То, что мы делаем это перед зеркалом, только усиливает возбуждение, пронизывающее воздух вокруг нас. Словно добавляет секретный ингредиент и делает каждое касание ладони там внизу… пикантнее и острее.
Растворяюсь на его пальцах.
Тычусь в бородатую щеку, снова целую в губы, проталкивая язык внутрь и посвящаю Соболеву продолжительный отчаянный стон.
Движения его руки становятся все размашистее и ритмичнее, кажется, он нашёл нужный темп и ту самую точку, потому что моё тело искрит, а колени ещё шире разъезжаются.

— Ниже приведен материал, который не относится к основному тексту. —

(* Let $A$ be a commutative noetherian local ring, let $x,y\in A$ be a regular exact pair of zero divisors, and let $a\in A$ be weakly regular on the $A$-module $A/(x,y)$. Then there are isomorphisms of $A$-algebras $\operatorname{End}_A(G_a)\cong A\cong \operatorname{End}_A(H_a)$. In particular, $\operatorname{End}_A(G_a)$ and $\operatorname{End}_A(H_a)$ are commutative noetherian local rings, and the $A$-modules $G_a$ and $H_a$ are indecomposable.
   Context: Two non-units $x,y\in A$ form an exact pair of zero divisors if $\operatorname{Ann}_A(x)=(y)$ and $\operatorname{Ann}_A(y)=(x)$; such a pair is regular if $(x)\cap(y)=0$. An element $a\in A$ is weakly regular on a module $M$ if multiplication by $a$ on $M$ is injective. For $a\in A$, let $\gamma_a=\begin{pmatrix} x & a\\ 0 & y\end{pmatrix}$ and $\eta_a=\begin{pmatrix} y & -a\\ 0 & x\end{pmatrix}$, viewed as $A$-linear maps $A^2\to A^2$ acting on column vectors, and set $G_a=\operatorname{Coker}\gamma_a$, $H_a=\operatorname{Coker}\eta_a$. *)

theory Defs
  imports Main
begin

definition is_ideal :: "'a::comm_ring_1 set \<Rightarrow> bool" where
  "is_ideal I \<longleftrightarrow> 0 \<in> I \<and> (\<forall>u\<in>I. \<forall>v\<in>I. u + v \<in> I) \<and> (\<forall>r. \<forall>u\<in>I. r * u \<in> I)"

definition ideal_gen :: "'a::comm_ring_1 set \<Rightarrow> 'a set" where
  "ideal_gen F = {(\<Sum>f\<in>F. c f * f) | c. True}"

definition noetherian_ring :: "'a::comm_ring_1 itself \<Rightarrow> bool" where
  "noetherian_ring _ \<longleftrightarrow>
     (\<forall>I::'a set. is_ideal I \<longrightarrow> (\<exists>F. finite F \<and> I = ideal_gen F))"

definition maximal_ideal :: "'a::comm_ring_1 set \<Rightarrow> bool" where
  "maximal_ideal m \<longleftrightarrow> is_ideal m \<and> m \<noteq> UNIV \<and>
     (\<forall>J. is_ideal J \<and> m \<subseteq> J \<longrightarrow> J = m \<or> J = UNIV)"

definition local_ring :: "'a::comm_ring_1 itself \<Rightarrow> bool" where
  "local_ring _ \<longleftrightarrow> (\<exists>!m::'a set. maximal_ideal m)"

definition pideal :: "'a::comm_ring_1 \<Rightarrow> 'a set" where
  "pideal x = {x * r | r. True}"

– Не могу больше, – отстраняюсь от его рта, шиплю в потолок, нескромно виляя бёдрами. Опускаю голову и стыдливо моргаю в зеркало. Даня, заметив это, сгребает ткань свободной рукой так, чтобы я могла лицезреть всё ещё отчётливее.
Чёрт.
Это так эстетично.
Безумие.
Освоившись, глаз не могу отвести. Грудь, покачивающаяся размеренно, лицо моё раскрасневшееся. Дико сексуально. Его руки большие, с выступающими венами на предплечьях. Ладонь, накрывающая промежность…

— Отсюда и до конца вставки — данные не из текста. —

(* Let $k,r \in \mathbb{N}$ and $s \in [0, r]$. Then \[\mathsf{D}_k(C_{2}^{r}) \le \mathsf{D}_{\mathsf{D}_{k}(C_2^s) - s} (C_2^{r-s}) + s.\]
   Context: $C_2^m$ is the elementary abelian $2$-group of rank $m$ ($C_2^0$ is the trivial group). A sequence over a finite abelian group $G$ is a finite unordered list of elements with repetitions; zero-sum means its terms sum to $0$. $\mathsf{D}_k(G)$ ($k\in\mathbb{N}$) is the smallest $\ell$ such that every sequence over $G$ of length at least $\ell$ has $k$ disjoint non-empty zero-sum subsequences. *)

theory Defs
  imports Main "HOL-Library.Z2" "HOL-Library.Function_Algebras"
begin

text \<open>The elementary abelian 2-group C_2^m, realised as the vectors
  v : nat -> bit (bit = Z/2Z) supported on {0..<m}, with pointwise addition.\<close>
definition C2pow :: "nat \<Rightarrow> (nat \<Rightarrow> bit) set" where
  "C2pow m = {v. \<forall>j\<ge>m. v j = 0}"

text \<open>A sequence over G is a list with all terms in G (order is irrelevant for
  the notions below).\<close>
definition has_disj_zero_sums :: "nat \<Rightarrow> ('a::comm_monoid_add) list \<Rightarrow> bool" where
  "has_disj_zero_sums k xs \<longleftrightarrow>
     (\<exists>I :: nat \<Rightarrow> nat set.
        (\<forall>i<k. I i \<noteq> {} \<and> I i \<subseteq> {..<length xs} \<and> (\<Sum>j\<in>I i. xs ! j) = 0) \<and>
        (\<forall>i<k. \<forall>i'<k. i \<noteq> i' \<longrightarrow> I i \<inter> I i' = {}))"

definition Dk :: "nat \<Rightarrow> ('a::comm_monoid_add) set \<Rightarrow> nat" where
  "Dk k G = (LEAST l. \<forall>xs. set xs \<subseteq> G \<and> length xs \<ge> l \<longrightarrow> has_disj_zero_sums k xs)"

– Красиво, да? – шепчет Богдан, смотря туда же.
Всхлипываю, когда накрывает долгожданный оргазм. Пальцами вцепляюсь в его запястье и дышу тяжело.

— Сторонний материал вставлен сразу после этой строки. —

(* Let $n\in\mathbb N$ and let $f$ be extremal for $M_n$ with $f(0)>0$ and $N$ atoms. Let $t=-\log f(0)>0$ and let $h:\mathbb D\to\mathbb D$ be the holomorphic function with $h(0)=0$ such that $f=\exp\big(t\frac{h-1}{h+1}\big)$. Then $h$ is a finite Blaschke product of degree $N$.
   Context: $\mathbb D$ is the open unit disc; $\mathcal B_0=\{f$ holomorphic on $\mathbb D: 0<|f|\le1\}$; $M_n(f)=\mathrm{Re}\,a_n$ for $f=\sum a_jz^j$; $f\in\mathcal B_0$ is extremal for $M_n$ if $M_n(f)\ge M_n(F)$ for all $F\in\mathcal B_0$. It is known that such $f$ with $f(0)>0$ has the form $f(z)=\exp\big(-\sum_{j=1}^N\lambda_j\frac{1+\alpha_jz}{1-\alpha_jz}\big)$ with $1\le N\le n$, $\lambda_j>0$, distinct $\alpha_j\in\partial\mathbb D$ ($N$ = number of atoms). Explicitly $h=\frac{t+\log f}{t-\log f}$ with $\log f$ the branch real at $0$. *)

theory Defs
  imports "HOL-Analysis.Analysis"
begin

definition B0 :: "(complex \<Rightarrow> complex) set" where
  "B0 = {f. f holomorphic_on ball 0 1 \<and> (\<forall>z\<in>ball 0 1. 0 < norm (f z) \<and> norm (f z) \<le> 1)}"

definition Mfun :: "nat \<Rightarrow> (complex \<Rightarrow> complex) \<Rightarrow> real" where
  "Mfun n f = Re ((deriv ^^ n) f 0 / of_nat (fact n))"

definition extremal :: "nat \<Rightarrow> (complex \<Rightarrow> complex) \<Rightarrow> bool" where
  "extremal n f \<longleftrightarrow> f \<in> B0 \<and> (\<forall>F\<in>B0. Mfun n F \<le> Mfun n f)"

Пока моё тело подрагивает, Даня подхватывает на руки. Сделав пару шагов, аккуратно укладывает на кровать, стягивает сорочку. Скидывает трико на пол и подступает. Сквозь опущенные веки рассматриваю напряжённый член с ярко-розовой крупной головкой, а потом отчаянно выгибаюсь дугой, почувствовав его каменную твёрдость внутри.
– Данечка, – шепчу сквозь стоны. – Я так тебя люблю.
Изучаю серьёзные глаза. Поймав в них ответную реакцию, принимаю вес его тела на себя.
Он целует жадно, сначала щёки, шею, играет языком с сосками поочерёдно, совершая бёдрами первые толчки. Они становятся всё резче, основательнее.
Зажмуриваюсь от накатывающего счастья.
Сжимаю пальцами крепкие ягодицы, веду выше и ногтями оцарапываю широкую спину. Помечаю его.
Потому что мой.
И никаких чужих детей у него никогда не будет.
Не дай бог.
С ума сойду…
От этого осознания ещё больше улетаю в космос.
Предчувствуя приближающийся второй оргазм, пытаюсь захватить побольше воздуха. Дышать перестаю. Ощущаю, как в месте, где наши тела соединяются, разливается слабость, а микротоки взрывными волнами по венам расходятся. В финале кричу, по привычке зажимая рот.
Даня склоняется, меняет темп, подцепляет мою ногу под коленом и отводит её, проникая ещё глубже.
В глазах огонь.
Отчаяние, сдобренное тоской. Он снова пытается мной насытиться, присвоить. Потому что тоже скучал. Ждал. И уже не наделся, как и я.
Но всегда любил.
И десять лет назад, когда лишал меня девственности, действовал также напористо, только пожалуй, чуть нежнее.
Столько времени прошло.
Мы родили двух прекрасных детей.
Практически каждый день были вместе, не считая последних месяцев.
А Богдану Соболеву всё ещё хочется доказать, что я принадлежу только ему. И он снова, в тысячный раз это делает, совершая последний удар бёдрами и наполняя меня своим удовольствием.
Глава 41. Яна.
– Чем именно ты занимаешься на работе? – спрашивает Богдан, выпуская изо рта плотную струю дыма, которая тут же рассеивается в темноте.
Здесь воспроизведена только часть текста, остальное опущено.